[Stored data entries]
lemma walk_eq_uniform_block:
  assumes "l 1 dvd length v" "\<And>j. 1 \<le> j \<Longrightarrow> j < k \<Longrightarrow> l (Suc j) dvd l j"
    and "\<And>j. 1 \<le> j \<Longrightarrow> j \<le> k \<Longrightarrow> 0 < l j" "0 < length v" and "1 \<le> j" "j \<le> k"
  shows "l j dvd length v \<and> walk l v j = map_pmf (block (l j) v) (pmf_of_set {..<length v div l j})"
  using assms(5,6)
proof (induction j)
  case 0
  then show ?case by simp
next
  case (Suc j)
  show ?case
  proof (cases "j = 0")
    case True
    then show ?thesis
      using assms(1) by (simp add: split_pmf_eq_block bind_return_pmf)
  next
    case False
    define L l' where "L = l j" and "l' = l (Suc j)"
    define N K where "N = length v div L" and "K = L div l'"
    have IH: "L dvd length v" "walk l v j = map_pmf (block L v) (pmf_of_set {..<N})"
      using Suc False by (auto simp: L_def N_def)
    have "l' dvd L" "0 < l'"
      using assms(2,3) Suc.prems False by (auto simp: L_def l'_def)
    then have LK: "L = K * l'" and vN: "length v = N * L" and "l' dvd length v"
      using IH(1) dvd_trans by (auto simp: K_def N_def)
    then have "0 < N" "0 < K"
      using assms(4) \<open>0 < l'\<close> by (auto intro!: Nat.gr0I)
    then have "walk l v (Suc j) = map_pmf (block l' v) (pmf_of_set {..<N * K})"
      using IH(2) bind_uniform_block_split_pmf[OF vN LK _ _ \<open>0 < l'\<close>] by (simp add: l'_def)
    then show ?thesis
      using \<open>l' dvd length v\<close> vN LK \<open>0 < l'\<close> by (simp add: l'_def)
  qed
qed

section \<open>Block frequencies and the law of total variance\<close>

definition count_range :: "nat list \<Rightarrow> nat \<Rightarrow> nat \<Rightarrow> nat \<Rightarrow> real" where
  "count_range v p a len = (\<Sum>i<len. if v ! (a + i) = p then 1 else 0)"

definition block_freq :: "nat list \<Rightarrow> nat \<Rightarrow> nat \<Rightarrow> nat \<Rightarrow> real" where
  "block_freq v p l t = count_range v p (t * l) l / l"

lemma count_list_eq_sum_nth: "count_list xs p = (\<Sum>i<length xs. if xs ! i = p then 1 else (0::nat))"
  by (induction xs) (simp_all del: sum.lessThan_Suc add: sum.lessThan_Suc_shift)

lemma freq_block:
  assumes "(t + 1) * l \<le> length v"
  shows "freq p (block l v t) = block_freq v p l t"
proof -
  have "real (count_sym p (block l v t)) = count_range v p (t * l) l"
    using assms unfolding count_sym_def count_list_eq_sum_nth count_range_def
    by (simp add: length_block block_def) (intro sum.cong, auto)
  then show ?thesis
    using assms by (simp add: freq_def block_freq_def length_block)
qed

lemma sum_lessThan_mult:
  fixes g :: "nat \<Rightarrow> 'a::comm_monoid_add"
  shows "(\<Sum>x<N * K. g x) = (\<Sum>a<N. \<Sum>b<K. g (a * K + b))"
proof -
  have "(\<Sum>x<N * K. g x) = (\<Sum>a<N. sum g {a * K..<a * K + K})"
    by (rule sum.nat_group[symmetric])
  then show ?thesis
    by (simp add: sum.atLeastLessThan_shift_0[of g] atLeast0LessThan)
qed

lemma count_range_mult: "count_range v p a (K * l) = (\<Sum>b<K. count_range v p (a + b * l) l)"
  unfolding count_range_def by (subst sum_lessThan_mult) (simp add: add.assoc)

lemma sum_block_freq_children:
  assumes "0 < l"
  shows "(\<Sum>b<K. block_freq v p l (B * K + b)) = K * block_freq v p (K * l) B"
  using assms by (simp add: block_freq_def count_range_mult sum_divide_distrib[symmetric] algebra_simps)

lemma block_freq_nonneg: "0 \<le> block_freq v p l t"
  by (simp add: block_freq_def count_range_def sum_nonneg)

lemma sum_block_freq_le_1:
  assumes "finite S"
  shows "(\<Sum>s\<in>S. block_freq v s l t) \<le> 1"
proof -
  have "(\<Sum>s\<in>S. count_range v s (t * l) l) = (\<Sum>i<l. \<Sum>s\<in>S. if v ! (t * l + i) = s then 1 else 0)"
    unfolding count_range_def by (rule sum.swap)
  also have "\<dots> \<le> (\<Sum>i<l. 1)"
    using assms by (intro sum_mono) simp
  finally show ?thesis
    by (cases "l = 0") (simp_all add: block_freq_def sum_divide_distrib[symmetric])
qed

lemma sum_sq_deviation_shift:
  fixes G :: "'a \<Rightarrow> real" and c \<mu> :: real
  assumes "(\<Sum>b\<in>A. G b) = card A * c"
  shows "(\<Sum>b\<in>A. (G b - \<mu>)\<^sup>2) = (\<Sum>b\<in>A. (G b - c)\<^sup>2) + card A * (c - \<mu>)\<^sup>2"
proof -
  have "(\<Sum>b\<in>A. (G b - \<mu>)\<^sup>2) = (\<Sum>b\<in>A. (G b - c)\<^sup>2 + 2 * (c - \<mu>) * G b - 2 * (c - \<mu>) * c + (c - \<mu>)\<^sup>2)"
    by (intro sum.cong) (auto simp: power2_eq_square algebra_simps)
  also have "\<dots> = (\<Sum>b\<in>A. (G b - c)\<^sup>2) + 2 * (c - \<mu>) * (\<Sum>b\<in>A. G b)
                   - card A * (2 * (c - \<mu>) * c) + card A * (c - \<mu>)\<^sup>2"
    by (simp add: sum.distrib sum_subtractf sum_distrib_left)
  finally show ?thesis
    using assms by (simp add: algebra_simps)
qed

lemma variance_pmf_of_set_cong:
  fixes f g :: "'a \<Rightarrow> real"
  assumes "finite A" "A \<noteq> {}" "\<And>x. x \<in> A \<Longrightarrow> f x = g x"
  shows "measure_pmf.variance (pmf_of_set A) f = measure_pmf.variance (pmf_of_set A) g"
  using assms(3) by (simp add: integral_pmf_of_set[OF assms(2,1)])

lemma variance_pmf_of_set_lessThan_mult:
  fixes X Y :: "nat \<Rightarrow> real"
  assumes "0 < N" "0 < K" and group: "\<And>B. (\<Sum>b<K. X (B * K + b)) = K * Y B"
  shows "measure_pmf.variance (pmf_of_set {..<N * K}) X
       = measure_pmf.variance (pmf_of_set {..<N}) Y + (\<Sum>t<N * K. (X t - Y (t div K))\<^sup>2) / (N * K)"
proof -
  define \<mu> where "\<mu> = (\<Sum>B<N. Y B) / N"
  have "(\<Sum>t<N * K. X t) = K * (\<Sum>B<N. Y B)"
    by (simp add: sum_lessThan_mult group sum_distrib_left)
  then have EX: "measure_pmf.expectation (pmf_of_set {..<N * K}) X = \<mu>"
    using assms by (simp add: integral_pmf_of_set \<mu>_def lessThan_empty_iff)
  have EY: "measure_pmf.expectation (pmf_of_set {..<N}) Y = \<mu>"
    using assms by (simp add: integral_pmf_of_set \<mu>_def lessThan_empty_iff)
  have "(\<Sum>t<N * K. (X t - \<mu>)\<^sup>2) = (\<Sum>B<N. (\<Sum>b<K. (X (B * K + b) - Y B)\<^sup>2) + K * (Y B - \<mu>)\<^sup>2)"
    unfolding sum_lessThan_mult
    by (intro sum.cong refl sum_sq_deviation_shift[where A = "{..<K}", simplified]) (simp add: group)
  also have "\<dots> = (\<Sum>t<N * K. (X t - Y (t div K))\<^sup>2) + K * (\<Sum>B<N. (Y B - \<mu>)\<^sup>2)"
    using \<open>0 < K\<close> by (simp add: sum_lessThan_mult sum.distrib sum_distrib_left)
  finally show ?thesis
    using assms EX EY by (simp add: integral_pmf_of_set lessThan_empty_iff field_simps)
qed

definition refinement_sqdev :: "nat \<Rightarrow> nat list \<Rightarrow> nat \<Rightarrow> nat \<Rightarrow> real" where
  "refinement_sqdev q v K l =
     (\<Sum>t<length v div l. \<Sum>p=1..q. (block_freq v p l t - block_freq v p (K * l) (t div K))\<^sup>2)"

lemma refinement_sqdev_nonneg: "0 \<le> refinement_sqdev q v K l"
  by (simp add: refinement_sqdev_def sum_nonneg)

lemma fvar_eq_block_variance:
  assumes "l 1 dvd length v" "\<And>j. 1 \<le> j \<Longrightarrow> j < k \<Longrightarrow> l (Suc j) dvd l j"
    and "\<And>j. 1 \<le> j \<Longrightarrow> j \<le> k \<Longrightarrow> 0 < l j" "0 < length v" and "1 \<le> j" "j \<le> k"
  shows "fvar q l v j =
    (\<Sum>p=1..q. measure_pmf.variance (pmf_of_set {..<length v div l j}) (block_freq v p (l j)))"
proof -
  define L N where "L = l j" and "N = length v div L"
  have "L dvd length v" and walk: "walk l v j = map_pmf (block L v) (pmf_of_set {..<N})"
    using walk_eq_uniform_block[of l v k j, OF assms] by (auto simp: L_def N_def)
  moreover have "0 < L"
    using assms(3,5,6) by (simp add: L_def)
  ultimately have vN: "length v = N * L" and "0 < N"
    using assms(4) by (auto simp: N_def intro!: Nat.gr0I)
  have "measure_pmf.variance (map_pmf (block L v) (pmf_of_set {..<N})) (freq p)
      = measure_pmf.variance (pmf_of_set {..<N}) (block_freq v p L)" for p
  proof -
    have "freq p (block L v t) = block_freq v p L t" if "t \<in> {..<N}" for t
      using that vN by (intro freq_block) (simp add: mult_le_mono1 del: mult_Suc)
    then have "measure_pmf.variance (pmf_of_set {..<N}) (\<lambda>t. freq p (block L v t))
             = measure_pmf.variance (pmf_of_set {..<N}) (block_freq v p L)"
      using \<open>0 < N\<close> by (intro variance_pmf_of_set_cong) auto
    then show ?thesis by simp
  qed
  then show ?thesis
    unfolding fvar_def walk by (simp add: L_def N_def)
qed

lemma fvar_Suc_eq:
  assumes "l 1 dvd length v" "\<And>j. 1 \<le> j \<Longrightarrow> j < k \<Longrightarrow> l (Suc j) dvd l j"
    and "\<And>j. 1 \<le> j \<Longrightarrow> j \<le> k \<Longrightarrow> 0 < l j" "0 < length v" and "1 \<le> i" "i < k"
  shows "fvar q l v (Suc i) = fvar q l v i
           + refinement_sqdev q v (l i div l (Suc i)) (l (Suc i)) / (length v div l (Suc i))"
proof -
  define L l' K N where "L = l i" and "l' = l (Suc i)" and "K = L div l'" and "N = length v div L"
  have "L dvd length v"
    using walk_eq_uniform_block[of l v k i, OF assms(1-5)] assms(6) by (simp add: L_def)
  moreover have "l' dvd L" "0 < l'"
    using assms(2,3,5,6) by (auto simp: L_def l'_def)
  ultimately have LK: "L = K * l'" and vN: "length v = N * L"
    by (auto simp: K_def N_def)
  then have "0 < N" "0 < K" and NK: "length v div l' = N * K"
    using assms(4) \<open>0 < l'\<close> by (auto intro!: Nat.gr0I)
  have "measure_pmf.variance (pmf_of_set {..<N * K}) (block_freq v p l')
      = measure_pmf.variance (pmf_of_set {..<N}) (block_freq v p L)
        + (\<Sum>t<N * K. (block_freq v p l' t - block_freq v p L (t div K))\<^sup>2) / (real N * real K)" for p
    using \<open>0 < N\<close> \<open>0 < K\<close>
    by (rule variance_pmf_of_set_lessThan_mult[where X = "block_freq v p l'" and Y = "block_freq v p L"])
      (simp add: sum_block_freq_children[OF \<open>0 < l'\<close>] LK)
  then have "fvar q l v (Suc i) = (\<Sum>p=1..q. measure_pmf.variance (pmf_of_set {..<N}) (block_freq v p L)
       + (\<Sum>t<N * K. (block_freq v p l' t - block_freq v p L (t div K))\<^sup>2) / (real N * real K))"
    using fvar_eq_block_variance[of l v k "Suc i", OF assms(1-4)] assms(5,6) NK by (simp add: l'_def)
  also have "\<dots> = fvar q l v i
      + (\<Sum>p=1..q. \<Sum>t<N * K. (block_freq v p l' t - block_freq v p L (t div K))\<^sup>2) / (real N * real K)"
    using fvar_eq_block_variance[of l v k i, OF assms(1-5)] assms(5,6)
    by (simp add: sum.distrib sum_divide_distrib L_def N_def)
  also have "(\<Sum>p=1..q. \<Sum>t<N * K. (block_freq v p l' t - block_freq v p L (t div K))\<^sup>2)
      = refinement_sqdev q v K l'"
    unfolding refinement_sqdev_def NK LK[symmetric] by (rule sum.swap)
  finally show ?thesis
    using NK by (simp add: K_def L_def l'_def)
qed

section \<open>Matchings\<close>

lemma length_le_if_sorted_bounded:
  assumes "sorted_wrt (<) xs" "\<forall>i\<in>set xs. i < n"
  shows "length xs \<le> n"
proof -
  have "length xs = card (set xs)"
    using assms(1) by (simp add: strict_sorted_iff distinct_card)
  also have "\<dots> \<le> card {..<n}"
    using assms(2) by (intro card_mono) auto
  finally show ?thesis by simp
qed

lemma is_matching_length_le:
  assumes "is_matching a b M"
  shows "length (fst M) \<le> length a"
proof (rule length_le_if_sorted_bounded)
  show "sorted_wrt (<) (fst M)" "\<forall>i\<in>set (fst M). i < length a"
    using assms by (simp_all add: is_matching_def Let_def)
qed

lemma finite_matchings: "finite {M. is_matching a b M}"
proof (rule finite_subset)
  show "{M. is_matching a b M} \<subseteq> {xs. set xs \<subseteq> {..<length a} \<and> length xs \<le> length a} \<times>
                                    {ys. set ys \<subseteq> {..<length b} \<and> length ys \<le> length b}"
  proof clarify
    fix xs ys
    assume "is_matching a b (xs, ys)"
    then have "sorted_wrt (<) xs" "\<forall>i\<in>set xs. i < length a" "sorted_wrt (<) ys" "\<forall>j\<in>set ys. j < length b"
      by (simp_all add: is_matching_def)
    then show "xs \<in> {xs. set xs \<subseteq> {..<length a} \<and> length xs \<le> length a} \<and>
               ys \<in> {ys. set ys \<subseteq> {..<length b} \<and> length ys \<le> length b}"
      by (auto intro: length_le_if_sorted_bounded)
  qed
  show "finite ({xs. set xs \<subseteq> {..<length a} \<and> length xs \<le> length a} \<times>
                {ys. set ys \<subseteq> {..<length b} \<and> length ys \<le> length b})"
    by (intro finite_cartesian_product finite_lists_length_le) auto
qed

lemma adv_attained: "\<exists>M. is_matching a b M \<and> adv q z a b = adv_M q z M a b"
proof -
  have "([], []) \<in> {M. is_matching a b M}"
    by (simp add: is_matching_def)
  then have "adv q z a b \<in> (\<lambda>M. adv_M q z M a b) ` {M. is_matching a b M}"
    unfolding adv_def using finite_matchings by (intro Max_in) auto
  then show ?thesis by auto
qed
lemma smult_eC_of_zeros:
  assumes "f \<in> P35splus" "0 < t" "t \<noteq> 1" "f t 1 1 = 0" "f 1 1 1 = 0" "f 0 1 1 = 0"
  shows "\<exists>l\<ge>0. f = (\<lambda>a b c. l * eC t a b c)"
proof -
  obtain c0 c1 c3 where f: "f = vanishing_form c0 c1 c3"
    using H35s_vanishing_form[OF P35splus_in_H35s[OF assms(1)] assms(5,6)] by blast
  have "t * (t - 1)^2 * cofactor c0 c1 c3 t = 0" using assms(4) by (simp add: f vanishing_form_a11)
  then have root: "cofactor c0 c1 c3 t = 0" using assms(2,3) by simp
  have P: "vanishing_form c0 c1 c3 \<in> P35splus" using assms(1) f by simp
  show ?thesis
    unfolding f by (rule smult_eC_of_double_root[OF P root cofactor_double_root[OF P assms(2) root]])
qed

lemma smult_eC0_of_flat_zero:
  assumes "f \<in> P35splus" "f 1 1 1 = 0" "f 0 1 1 = 0"
    "deriv (\<lambda>a. f a 1 1) 0 = 0" "deriv (\<lambda>x. deriv (\<lambda>a. f a 1 1) x) 0 = 0"
  shows "\<exists>l\<ge>0. f = (\<lambda>a b c. l * eC 0 a b c)"
proof -
  obtain c0 c1 c3 where f: "f = vanishing_form c0 c1 c3"
    using H35s_vanishing_form[OF P35splus_in_H35s[OF assms(1)] assms(2,3)] by blast
  have P: "vanishing_form c0 c1 c3 \<in> P35splus" using assms(1) f by simp
  have root: "cofactor c0 c1 c3 0 = 0"
    using assms(4) by (simp add: f vanishing_form_a11_deriv)
  have "c0 * (0 + 1) + c1 = 0"
    using assms(5) root by (simp add: f vanishing_form_a11_deriv2)
  from smult_eC_of_double_root[OF P root this] show ?thesis unfolding f .
qed

lemma smult_eC1_of_deriv2_zero:
  assumes "f \<in> P35splus" "f 0 1 1 = 0" "f 1 1 1 = 0"
    "deriv (\<lambda>x. deriv (\<lambda>a. f a 1 1) x) 1 = 0"
  shows "\<exists>l\<ge>0. f = (\<lambda>a b c. l * eC 1 a b c)"
proof -
  obtain c0 c1 c3 where f: "f = vanishing_form c0 c1 c3"
    using H35s_vanishing_form[OF P35splus_in_H35s[OF assms(1)] assms(3,2)] by blast
  have P: "vanishing_form c0 c1 c3 \<in> P35splus" using assms(1) f by simp
  have root: "cofactor c0 c1 c3 1 = 0"
    using assms(4) by (simp add: f vanishing_form_a11_deriv2)
  from smult_eC_of_double_root[OF P root cofactor_double_root[OF P _ root]]
  show ?thesis unfolding f by simp
qed

lemma le_eC_imp_smult_eC:
  assumes "0 \<le> t" "g \<in> P35splus"
    and le: "\<forall>a b c. 0 \<le> a \<longrightarrow> 0 \<le> b \<longrightarrow> 0 \<le> c \<longrightarrow> g a b c \<le> eC t a b c"
  shows "\<exists>l\<ge>0. g = (\<lambda>a b c. l * eC t a b c)"
proof -
  have g_nonneg: "0 \<le> g a b c" if "0 \<le> a" "0 \<le> b" "0 \<le> c" for a b c
    using assms(2) that unfolding P35splus_def by blast
  have "g 1 1 1 = 0" "g 0 1 1 = 0"
    using le[rule_format, of 1 1 1] le[rule_format, of 0 1 1] g_nonneg[of 1 1 1] g_nonneg[of 0 1 1]
    by (simp_all add: eC_a11)
  then obtain c0 c1 c3 where g: "g = vanishing_form c0 c1 c3"
    using H35s_vanishing_form[OF P35splus_in_H35s[OF assms(2)]] by blast
  have P: "vanishing_form c0 c1 c3 \<in> P35splus" using assms(2) g by simp
  have upper: "cofactor c0 c1 c3 a \<le> (a - t)^2" if "0 < a" "a \<noteq> 1" for a
  proof -
    have "a * (a - 1)^2 * cofactor c0 c1 c3 a \<le> a * (a - 1)^2 * (a - t)^2"
      using le[rule_format, of a 1 1] that by (simp add: g vanishing_form_a11 eC_a11)
    moreover have "0 < a * (a - 1)^2" using that by simp
    ultimately show ?thesis by (rule mult_le_cancel_left_pos[THEN iffD1, rotated])
  qed
  \<comment> \<open>just to the right of t the cofactor lies between 0 and (a - t)^2, hence has a double root at t\<close>
  define M where "M = cofactor c0 c1 c3 t"
  define L where "L = 2 * (c0 * (t + 1) + c1)"
  define d :: real where "d = (if t < 1 then 1 - t else 1)"
  have d: "0 < d" unfolding d_def by simp
  have near: "0 < t + e" "t + e \<noteq> 1" if "0 < e" "e < d" for e
    using assms(1) that unfolding d_def by (auto split: if_splits)
  have shift: "cofactor c0 c1 c3 (t + e) = M + L * e + c0 * e^2" for e
    unfolding M_def L_def cofactor_shift by simp
  have lower_bd: "0 \<le> M + L * e + c0 * e^2" if "0 < e" "e < d" for e
    using cofactor_nonneg[OF P near[OF that]] unfolding shift .
  have upper_bd: "0 \<le> - M + (- L) * e + (1 - c0) * e^2" if "0 < e" "e < d" for e
    using upper[OF near[OF that]] unfolding shift by (simp add: algebra_simps)
  have "0 \<le> M" "0 \<le> - M"
    using quadratic_nonneg_at_right_const[OF d, of M L c0] quadratic_nonneg_at_right_const[OF d, of "- M" "- L" "1 - c0"]
      lower_bd upper_bd by simp_all
  then have M0: "M = 0" by simp
  have "0 \<le> L" "0 \<le> - L"
    using quadratic_nonneg_at_right_linear[OF d, of L c0] quadratic_nonneg_at_right_linear[OF d, of "- L" "1 - c0"]
      lower_bd upper_bd unfolding M0 by simp_all
  then have "c0 * (t + 1) + c1 = 0" unfolding L_def by simp
  from smult_eC_of_double_root[OF P M0[unfolded M_def] this] show ?thesis unfolding g .
qed

lemma eC_extremal:
  assumes "0 \<le> t" "t \<le> 2"
  shows "eC t \<in> extremals P35splus"
proof -
  have "eC t 0 0 1 = 1" by (simp add: eC_eq_vanishing_form vanishing_form_001)
  then have nonzero: "eC t \<noteq> (\<lambda>a b c. 0)" by force
  have summand: "\<exists>l\<ge>0. g = (\<lambda>a b c. l * eC t a b c)"
    if "g \<in> P35splus" "h \<in> P35splus" "eC t = (\<lambda>a b c. g a b c + h a b c)" for g h
  proof (rule le_eC_imp_smult_eC[OF assms(1) that(1)], intro allI impI)
    fix a b c :: real
    assume "0 \<le> a" "0 \<le> b" "0 \<le> c"
    then have "0 \<le> h a b c" using that(2) unfolding P35splus_def by blast
    then show "g a b c \<le> eC t a b c" using that(3) by simp
  qed
  have "(\<exists>l\<ge>0. g = (\<lambda>a b c. l * eC t a b c)) \<and> (\<exists>l\<ge>0. h = (\<lambda>a b c. l * eC t a b c))"
    if g: "g \<in> P35splus" and h: "h \<in> P35splus" and sum: "eC t = (\<lambda>a b c. g a b c + h a b c)" for g h
  proof
    show "\<exists>l\<ge>0. g = (\<lambda>a b c. l * eC t a b c)" by (rule summand[OF g h sum])
    have "eC t = (\<lambda>a b c. h a b c + g a b c)" unfolding sum by (simp add: add.commute)
    then show "\<exists>l\<ge>0. h = (\<lambda>a b c. l * eC t a b c)" by (rule summand[OF h g])
  qed
  then show ?thesis unfolding extremals_def using eC_in_P35splus[OF assms] nonzero by blast
qed

theorem theorem4p3:
  shows "(\<forall>t::real. 0 \<le> t \<and> t \<le> 2 \<longrightarrow> eC t \<in> extremals P35splus)
   \<and> (\<forall>(t::real) f. 0 < t \<and> t \<le> 2 \<and> t \<noteq> 1 \<and> f \<in> P35splus
        \<and> f t 1 1 = 0 \<and> f 1 1 1 = 0 \<and> f 0 1 1 = 0
        \<longrightarrow> (\<exists>l\<ge>0. f = (\<lambda>a b c. l * eC t a b c)))
   \<and> (\<forall>f. f \<in> P35splus \<and> f 1 1 1 = 0 \<and> f 0 1 1 = 0
        \<and> deriv (\<lambda>a. f a 1 1) 0 = 0
        \<and> deriv (\<lambda>x. deriv (\<lambda>a. f a 1 1) x) 0 = 0
        \<longrightarrow> (\<exists>l\<ge>0. f = (\<lambda>a b c. l * eC 0 a b c)))
   \<and> (\<forall>f. f \<in> P35splus \<and> f 0 1 1 = 0 \<and> f 1 1 1 = 0
        \<and> deriv (\<lambda>x. deriv (\<lambda>a. f a 1 1) x) 1 = 0
        \<longrightarrow> (\<exists>l\<ge>0. f = (\<lambda>a b c. l * eC 1 a b c)))"
  using eC_extremal smult_eC_of_zeros smult_eC0_of_flat_zero smult_eC1_of_deriv2_zero by blast

end
(* Let $(\Omega,\mathcal{F},\mathbf{P})$ be a probability space and $\theta\colon\Omega\to\Omega$ an ergodic automorphism of it. Let $A$ be an $N\times N$ matrix with nonnegative entries $a_{ij}$, and let $D\colon\Omega\to\mathbb{R}^{N\times N}$ be a measurable matrix function such that (A1) for each $\omega\in\Omega$, $D(\omega)=\mathrm{diag}(d_1(\omega),\dots,d_N(\omega))$ with $d_i(\omega)>0$ for $1\le i\le N$; (A2) $\ln^{+}\bigl(\max_{1\le i\le N} d_i(\cdot)\bigr)\in L_1(\Omega,\mathcal{F},\mathbf{P})$. Let $\lambda\in[-\infty,\infty)$ be the top Lyapunov exponent of the random matrix system $\{A D(\omega)\}_{\omega\in\Omega}$, and let $\bar{D}=\mathrm{diag}(\bar d_1,\dots,\bar d_N)$ where $\ln \bar d_i=\int_\Omega \ln d_i\,d\mathbf{P}$ (with the conventions $\ln 0=-\infty$, $e^{-\infty}=0$, so $\bar d_i\in[0,\infty)$). Then $\lambda\ge \ln r(A\bar D)$, where $r(A\bar D)$ is the spectral radius of $A\bar D$.
   Context: An automorphism $\theta$ of $(\Omega,\mathcal{F},\mathbf{P})$ is ergodic if every $\Omega'\in\mathcal{F}$ with $\theta(\Omega')=\Omega'$ has $\mathbf{P}(\Omega')\in\{0,1\}$. For a measurable $S\colon\Omega\to\mathbb{R}^{N\times N}$ put $S^{(n)}(\omega)=S(\theta^{n-1}\omega)\cdots S(\theta\omega)S(\omega)$. When $\ln^+\|S(\cdot)\|\in L_1$, there is $\lambda\in[-\infty,\infty)$ with $\lambda=\lim_{n\to\infty}\frac1n\ln\|S^{(n)}(\omega)\|$ for a.e. $\omega$ (Furstenberg–Kesten); this $\lambda$ is called the top Lyapunov exponent of the system $\{S(\omega)\}$. Here $S(\omega)=AD(\omega)$, $\|\cdot\|$ is the Euclidean (operator) norm, and $\ln 0=-\infty$. *)

theory Defs
  imports "HOL-Probability.Probability"
begin

definition eln :: "real \<Rightarrow> ereal" where
  "eln x = (if x = 0 then -\<infinity> else ereal (ln x))"

definition eexp :: "ereal \<Rightarrow> real" where
  "eexp x = (if x = -\<infinity> then 0 else exp (real_of_ereal x))"

text \<open>Extended integral of a real function: positive part minus negative part
  (well defined whenever the positive part has finite integral).\<close>
definition ext_integral :: "'a measure \<Rightarrow> ('a \<Rightarrow> real) \<Rightarrow> ereal" where
  "ext_integral M f =
     enn2ereal (\<integral>\<^sup>+ x. ennreal (max 0 (f x)) \<partial>M) - enn2ereal (\<integral>\<^sup>+ x. ennreal (max 0 (- f x)) \<partial>M)"

definition automorphism :: "'a measure \<Rightarrow> ('a \<Rightarrow> 'a) \<Rightarrow> bool" where
  "automorphism M \<theta> \<longleftrightarrow>
     bij_betw \<theta> (space M) (space M) \<and>
     \<theta> \<in> M \<rightarrow>\<^sub>M M \<and>
     the_inv_into (space M) \<theta> \<in> M \<rightarrow>\<^sub>M M \<and>
     (\<forall>B \<in> sets M. emeasure M (\<theta> -` B \<inter> space M) = emeasure M B)"

definition ergodic_automorphism :: "'a measure \<Rightarrow> ('a \<Rightarrow> 'a) \<Rightarrow> bool" where
  "ergodic_automorphism M \<theta> \<longleftrightarrow>
     automorphism M \<theta> \<and>
     (\<forall>B \<in> sets M. \<theta> ` B = B \<longrightarrow> measure M B = 0 \<or> measure M B = 1)"

fun cocycle :: "('a \<Rightarrow> 'a) \<Rightarrow> ('a \<Rightarrow> real^'n^'n) \<Rightarrow> nat \<Rightarrow> 'a \<Rightarrow> real^'n^'n" where
  "cocycle \<theta> S 0 w = mat 1"
| "cocycle \<theta> S (Suc n) w = S ((\<theta> ^^ n) w) ** cocycle \<theta> S n w"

● **Prompt**
Please reproduce the lines from the line with "proof (induction j)" to the line with "len = (\<Sum>i<len.", both ends included, exactly as they appear above.

● **Solved exercise**
proof (induction j)
  case 0
  then show ?case by simp
next
  case (Suc j)
  show ?case
  proof (cases "j = 0")
    case True
    then show ?thesis
      using assms(1) by (simp add: split_pmf_eq_block bind_return_pmf)
  next
    case False
    define L l' where "L = l j" and "l' = l (Suc j)"
    define N K where "N = length v div L" and "K = L div l'"
    have IH: "L dvd length v" "walk l v j = map_pmf (block L v) (pmf_of_set {..<N})"
      using Suc False by (auto simp: L_def N_def)
    have "l' dvd L" "0 < l'"
      using assms(2,3) Suc.prems False by (auto simp: L_def l'_def)
    then have LK: "L = K * l'" and vN: "length v = N * L" and "l' dvd length v"
      using IH(1) dvd_trans by (auto simp: K_def N_def)
    then have "0 < N" "0 < K"
      using assms(4) \<open>0 < l'\<close> by (auto intro!: Nat.gr0I)
    then have "walk l v (Suc j) = map_pmf (block l' v) (pmf_of_set {..<N * K})"
      using IH(2) bind_uniform_block_split_pmf[OF vN LK _ _ \<open>0 < l'\<close>] by (simp add: l'_def)
    then show ?thesis
      using \<open>l' dvd length v\<close> vN LK \<open>0 < l'\<close> by (simp add: l'_def)
  qed
qed

section \<open>Block frequencies and the law of total variance\<close>

definition count_range :: "nat list \<Rightarrow> nat \<Rightarrow> nat \<Rightarrow> nat \<Rightarrow> real" where
  "count_range v p a len = (\<Sum>i<len. if v ! (a + i) = p then 1 else 0)"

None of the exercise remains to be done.